Debiut na polskich ligowych torach zawodnik zaliczył
26 kwietnia na torze
we Wrocławiu podczas pierwszej kolejki spotkań U-24. I był to występ
jakże okazały. Duńczyk z 13 punktami był najskuteczniejszym jeźdźcem Aniołów w
wygrany meczu różnicą aż 36 oczek. Nic więc dziwnego, że po tak udanym debiucie
na polskich torach władze Apatora wiązały duże nadzieje z młodym niezwykle
sympatycznym zawodnikiem. Niestety w jednym z meczów ligi duńskiej pomiędzy
Indianerną a Smalanningarną doszło do strasznego wypadku, w którym Emil Portner
został staranowany przez Ricardsa Ansviesulisa. Duńczyk, lecąc z ogromną
prędkością, wyleciał poza tor i uderzył w żelazny płot. Służby medyczne szybko
pojawiły się przy zawodniku i przetransportowały go do szpitala, gdzie
zdiagnozowano złamanie czterech kręgów kręgosłupa oraz uszkodzenie płuca.
Mimo to, zawodnik miał czucie w kończynach i nic nie zagrażało jego życiu.

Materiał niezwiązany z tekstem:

lemma rr_greedy_bundle_le:
  fixes u :: "nat \<Rightarrow> 'a \<Rightarrow> real"
  assumes N: "1 \<le> N" and fin: "finite M" and ne: "M \<noteq> {}"
    and run: "rr_greedy_run N M u xs" and i: "i \<in> {1..N}"
    and nonneg: "\<And>y. y \<in> M \<Longrightarrow> 0 \<le> u i y"
  shows "sum (u i) (rr_bundle N xs i) \<le> (2 - 1 / real N) * mMS N (u i) M"
proof -
  define m where "m = length xs"
  define c where "c = i - 1"
  define f where "f k = u i (xs ! k)" for k
  define B where "B = mMS N (u i) M"
  have dist: "distinct xs" and set_xs: "set xs = M"
    using run unfolding rr_greedy_run_def by auto
  have item: "xs ! k \<in> M" if "k < m" for k
    using that set_xs unfolding m_def by auto
  have mono: "f k \<le> f k'" if "k mod N = c" "k \<le> k'" "k' < m" for k k'
  proof -
    have "rr_agent N k = i" using that(1) i unfolding rr_agent_def c_def by auto
    then show ?thesis
      using rr_greedy_run_pick_le[OF run that(2)] that(3) unfolding f_def m_def by simp
  qed
  have f_nonneg: "0 \<le> f k" if "k < m" for k
    using nonneg item[OF that] unfolding f_def .
  have f_le_B: "f k \<le> B" if "k < m" for k
    using item_le_mMS[OF fin N nonneg item[OF that]] unfolding f_def B_def .
  have "0 < m" using ne set_xs unfolding m_def by auto
  then have B_nonneg: "0 \<le> B" using f_nonneg f_le_B by fastforce
  have "sum (u i) (rr_bundle N xs i) = sum f {k. k < m \<and> k mod N = c}"
    using rr_bundle_sum[OF dist, of i] i unfolding f_def m_def c_def by simp
  also have "{k. k < m \<and> k mod N = c} = {k. c \<le> k \<and> k < m \<and> k mod N = c}"
    by auto
  finally have "real N * sum (u i) (rr_bundle N xs i)
      = real N * sum f {k. c \<le> k \<and> k < m \<and> k mod N = c}" by simp
  also have "\<dots> \<le> sum f {c..<m} + (real N - 1) * B"
    using N c_def i by (intro sum_residue_class_le mono f_nonneg f_le_B B_nonneg) auto
  also have "sum f {c..<m} \<le> sum f {..<m}"
    using f_nonneg by (intro sum_mono2) auto
  also have "sum f {..<m} = sum (u i) M"
    unfolding f_def m_def set_xs[symmetric] using dist
    by (simp add: sum.distinct_set_conv_list sum_list_sum_nth atLeast0LessThan)
  also have "sum (u i) M \<le> real N * B"
    unfolding B_def by (rule sum_le_mMS[OF fin N])
  also have "real N * B + (real N - 1) * B = real N * ((2 - 1 / real N) * B)"
    using N by (simp add: algebra_simps)
  finally show ?thesis unfolding B_def using N by simp
qed
(* Let $R$ be a partially colored tree in which every colored vertex is a leaf (a trunk), colored from a set of $3$ colors, having two colored vertices $x$ and $y$ and possibly one further colored vertex $v$ (and no other colored vertices), such that (i) $c(x)\ne c(y)$, (ii) $d(x,y)$ is even, and (iii) every vertex at odd distance from $x$ on the unique $x,y$-path has degree at least $4$. Then Bob can win the $3$-Expanded Coloring Game on $R$ if Alice chooses to pass on her first turn.
   Context: $c(w)$ denotes the color of a colored vertex $w$; colorings are proper on colored vertices. A color is legal for an uncolored vertex if no neighbor has it. The $k$-coloring game on a partially colored graph: Alice and Bob alternate turns, Alice first, each coloring an uncolored vertex with a legal color from a $k$-set of colors; Bob wins if at some point an uncolored vertex has no legal color, Alice wins if all vertices get colored. The $k$-Expanded Coloring Game ($k$-ECG) is the same except that on her turn Alice may choose not to color a vertex, and if she does not color a vertex she may instead add to the forest a single new colored leaf (a new vertex joined to exactly one existing vertex, colored with one of the $k$ colors). *)

theory Defs
  imports Main
begin

text \<open>Vertices are natural numbers so that fresh vertices (new leaves) always exist.\<close>

definition degree :: "(nat \<times> nat) set \<Rightarrow> nat \<Rightarrow> nat" where
  "degree E u = card {w. (u, w) \<in> E}"

definition is_walk :: "(nat \<times> nat) set \<Rightarrow> nat list \<Rightarrow> bool" where
  "is_walk E p \<longleftrightarrow> p \<noteq> [] \<and> (\<forall>i. Suc i < length p \<longrightarrow> (p ! i, p ! Suc i) \<in> E)"

definition is_path :: "(nat \<times> nat) set \<Rightarrow> nat list \<Rightarrow> nat \<Rightarrow> nat \<Rightarrow> bool" where
  "is_path E p a b \<longleftrightarrow> is_walk E p \<and> distinct p \<and> hd p = a \<and> last p = b"

definition has_cycle :: "(nat \<times> nat) set \<Rightarrow> bool" where
  "has_cycle E \<longleftrightarrow> (\<exists>c. length c \<ge> 3 \<and> distinct c \<and> is_walk E c \<and> (last c, hd c) \<in> E)"
(* Let $\nu\in\mathcal P_{2,0}(\mathbb R^d)$ and let $\mathcal D\subset\mathcal P_2(\mathbb R^d)$ be a nonempty, translation invariant cone. Define $$P_1=\sup\Big\{\int\langle x,y\rangle\,d\pi(x,y):\ \mu\in\mathcal D\cap\mathcal P_{2,0}(\mathbb R^d),\ \pi\in\Pi(\mu,\nu),\ \operatorname{Var}(\mu)\le1\Big\}.$$ Suppose $P_1>0$. Then: (a) if $(\hat\mu,\hat\pi)$ attains $P_1$, then $\operatorname{Var}(\hat\mu)=1$ and the dilation $(P_1)_\#\hat\mu$ maximizes $\operatorname{Var}$ over $\mathcal D\cap\mathcal M^K_\nu$; (b) conversely, if $\check\mu\ne\delta_0$ maximizes $\operatorname{Var}$ over $\mathcal D\cap\mathcal M^K_\nu$ and $\check\pi\in\operatorname{argmax}_{\pi\in\Pi(\check\mu,\nu)}\int\langle x,y\rangle d\pi$, then with $\check\lambda=\operatorname{Var}(\check\mu)^{-1/2}$ the pair $(\check\lambda_\#\check\mu,(\check\lambda\times\mathrm{id})_\#\check\pi)$ attains $P_1$. Moreover, $P_1=0$ if and only if the maximal value of $\operatorname{Var}$ over $\mathcal D\cap\mathcal M^K_\nu$ is $0$, in which case $\delta_0$ is a maximizer.
   Context: $\mathcal P_2(\mathbb R^d)$: Borel probability measures with finite second moment; $\mathcal P_{2,0}$: those with zero mean. $\Pi(\mu,\nu)$: couplings. $\operatorname{Var}(\mu)=\int|x-\int z\,d\mu|^2d\mu$. Kantorovich dominance: $\mu\preceq_K\nu$ iff there is $\pi\in\Pi(\mu,\nu)$ with $\int\langle x-b_\nu,y-x\rangle\,d\pi=0$, $b_\nu=\int y\,d\nu$; $\mathcal M^K_\nu=\{\mu\in\mathcal P_2(\mathbb R^d):\mu\preceq_K\nu\}$. For $\lambda\in\mathbb R$, $\lambda_\#\mu$ is the law of $\lambda X$, $X\sim\mu$, and $(\lambda\times\mathrm{id})(x,y)=(\lambda x,y)$. $\mathcal D$ is a cone if $\lambda_\#\mu\in\mathcal D$ for all $\mu\in\mathcal D,\lambda\ge0$; translation invariant if $(T_k)_\#\mu\in\mathcal D$ for all $\mu\in\mathcal D$, $k\in\mathbb R^d$, $T_k(x)=x+k$. *)

theory Defs
  imports "HOL-Probability.Probability"
begin

definition P2 :: "'a::euclidean_space measure set" where
  "P2 = {\<mu>. prob_space \<mu> \<and> sets \<mu> = sets borel \<and> integrable \<mu> (\<lambda>x. (norm x)\<^sup>2)}"

definition mean :: "'a::euclidean_space measure \<Rightarrow> 'a" where
  "mean \<mu> = integral\<^sup>L \<mu> (\<lambda>x. x)"

definition P20 :: "'a::euclidean_space measure set" where
  "P20 = {\<mu> \<in> P2. mean \<mu> = 0}"

definition Var :: "'a::euclidean_space measure \<Rightarrow> real" where
  "Var \<mu> = integral\<^sup>L \<mu> (\<lambda>x. (norm (x - mean \<mu>))\<^sup>2)"

definition couplings :: "'a::euclidean_space measure \<Rightarrow> 'a measure \<Rightarrow> ('a \<times> 'a) measure set" where
  "couplings \<mu> \<nu> = {\<pi>. prob_space \<pi> \<and> sets \<pi> = sets borel \<and>
      distr \<pi> borel fst = \<mu> \<and> distr \<pi> borel snd = \<nu>}"

definition corr :: "('a::euclidean_space \<times> 'a) measure \<Rightarrow> real" where
  "corr \<pi> = integral\<^sup>L \<pi> (\<lambda>(x, y). inner x y)"

definition kdom :: "'a::euclidean_space measure \<Rightarrow> 'a measure \<Rightarrow> bool" where
  "kdom \<mu> \<nu> \<longleftrightarrow> (\<exists>\<pi> \<in> couplings \<mu> \<nu>.
      integral\<^sup>L \<pi> (\<lambda>(x, y). inner (x - mean \<nu>) (y - x)) = 0)"

definition MK :: "'a::euclidean_space measure \<Rightarrow> 'a measure set" where
  "MK \<nu> = {\<mu> \<in> P2. kdom \<mu> \<nu>}"

definition dil :: "real \<Rightarrow> 'a::euclidean_space measure \<Rightarrow> 'a measure" where
  "dil l \<mu> = distr \<mu> borel (\<lambda>x. l *\<^sub>R x)"

definition dil1 :: "real \<Rightarrow> ('a::euclidean_space \<times> 'a) measure \<Rightarrow> ('a \<times> 'a) measure" where
  "dil1 l \<pi> = distr \<pi> borel (\<lambda>(x, y). (l *\<^sub>R x, y))"

definition is_cone :: "'a::euclidean_space measure set \<Rightarrow> bool" where
  "is_cone D \<longleftrightarrow> (\<forall>\<mu> \<in> D. \<forall>l::real. l \<ge> 0 \<longrightarrow> dil l \<mu> \<in> D)"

Przy zawodniku szybko pojawiły się służby medyczne, które przetransportowały
zawodnika do szpitala, a mecz został przerwany i zakończył się rezultatem 33:32
na korzyść Smalanningarny. W Toruniu pomimo poważnej kontuzji wszyscy wierzyli,
że zawodnik wróci na tor i nadal widzano w nim spory potencjał. Trener Sawina
oraz zarząd byli przekonani, że przy odpowiednich inwestycjach w sprzęt i
skoncentrowaniu się na polskiej lidze, Emil będzie w stanie regularnie zdobywać
punkty nawet w Ekstralidze. Takie podejście było korzystne dla obu stron,
ponieważ zawodnik mógł skupić się na powrocie do zdrowia, spokojnej
rehabilitacji i doskonaleniu swoich umiejętności, a klub nie musiał brać udziału
w licytacji młodych zawodników, ponieważ silny skład seniorski pozwalał
spokojniej podchodzić do obsady pozycji U24.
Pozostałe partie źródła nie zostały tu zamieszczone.